Material for the task:
(* For every integer $F\ge6$, $$s(F,F,2)=3F-8+s(F-3,F-3,2).$$ (In particular, with $s(3,3,2)=1$, $s(4,4,2)=4$, $s(5,5,2)=7$, this determines $s(F,F,2)$ for all $F\ge3$.)
   Context: A placement delivery array $S$-PDA$(F,K,Z)$ is an $F\times K$ array $R=(r_{j,k})$, $1\le j\le F$, $1\le k\le K$, over a finite set $S$ such that: (1) each cell is either empty or contains an element of $S$; (2) each column contains exactly $Z$ empty cells; (3) each element of $S$ occurs at most once in each row and at most once in each column; (4) if two distinct nonempty cells satisfy $r_{j_1,k_1}=r_{j_2,k_2}=t\in S$, then the cells $r_{j_1,k_2}$ and $r_{j_2,k_1}$ are empty. For integers $F,K\ge1$, $0\le Z\le F$, define $s(F,K,Z)=\min\{|S| : \text{there exists an } S\text{-PDA}(F,K,Z)\}$. *)

theory Defs
  imports Main
begin

text \<open>An F x K array over symbol set S: rows 0..F-1, columns 0..K-1;
  None = empty cell, Some t = cell containing t.  Symbols are natural numbers
  (any finite symbol set can be relabelled injectively into nat).\<close>

definition is_PDA :: "nat set \<Rightarrow> nat \<Rightarrow> nat \<Rightarrow> nat \<Rightarrow> (nat \<Rightarrow> nat \<Rightarrow> nat option) \<Rightarrow> bool" where
  "is_PDA S F K Z r \<longleftrightarrow>
     finite S \<and>
     (\<forall>j<F. \<forall>k<K. \<forall>t. r j k = Some t \<longrightarrow> t \<in> S) \<and>
     (\<forall>k<K. card {j. j < F \<and> r j k = None} = Z) \<and>
     (\<forall>j<F. \<forall>k1<K. \<forall>k2<K. \<forall>t. r j k1 = Some t \<and> r j k2 = Some t \<longrightarrow> k1 = k2) \<and>
     (\<forall>k<K. \<forall>j1<F. \<forall>j2<F. \<forall>t. r j1 k = Some t \<and> r j2 k = Some t \<longrightarrow> j1 = j2) \<and>
     (\<forall>j1<F. \<forall>j2<F. \<forall>k1<K. \<forall>k2<K. \<forall>t.
        (j1, k1) \<noteq> (j2, k2) \<and> r j1 k1 = Some t \<and> r j2 k2 = Some t \<longrightarrow>
        r j1 k2 = None \<and> r j2 k1 = None)"

definition s_PDA :: "nat \<Rightarrow> nat \<Rightarrow> nat \<Rightarrow> nat" where
  "s_PDA F K Z = (LEAST n. \<exists>S r. is_PDA S F K Z r \<and> card S = n)"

What to work on: Nothing but the lines from the line that contains "None = empty" to the last line of the records above should appear in the answer; please copy them exactly.

Result for this exercise:
  None = empty cell, Some t = cell containing t.  Symbols are natural numbers
  (any finite symbol set can be relabelled injectively into nat).\<close>

definition is_PDA :: "nat set \<Rightarrow> nat \<Rightarrow> nat \<Rightarrow> nat \<Rightarrow> (nat \<Rightarrow> nat \<Rightarrow> nat option) \<Rightarrow> bool" where
  "is_PDA S F K Z r \<longleftrightarrow>
     finite S \<and>
     (\<forall>j<F. \<forall>k<K. \<forall>t. r j k = Some t \<longrightarrow> t \<in> S) \<and>
     (\<forall>k<K. card {j. j < F \<and> r j k = None} = Z) \<and>
     (\<forall>j<F. \<forall>k1<K. \<forall>k2<K. \<forall>t. r j k1 = Some t \<and> r j k2 = Some t \<longrightarrow> k1 = k2) \<and>
     (\<forall>k<K. \<forall>j1<F. \<forall>j2<F. \<forall>t. r j1 k = Some t \<and> r j2 k = Some t \<longrightarrow> j1 = j2) \<and>
     (\<forall>j1<F. \<forall>j2<F. \<forall>k1<K. \<forall>k2<K. \<forall>t.
        (j1, k1) \<noteq> (j2, k2) \<and> r j1 k1 = Some t \<and> r j2 k2 = Some t \<longrightarrow>
        r j1 k2 = None \<and> r j2 k1 = None)"

definition s_PDA :: "nat \<Rightarrow> nat \<Rightarrow> nat \<Rightarrow> nat" where
  "s_PDA F K Z = (LEAST n. \<exists>S r. is_PDA S F K Z r \<and> card S = n)"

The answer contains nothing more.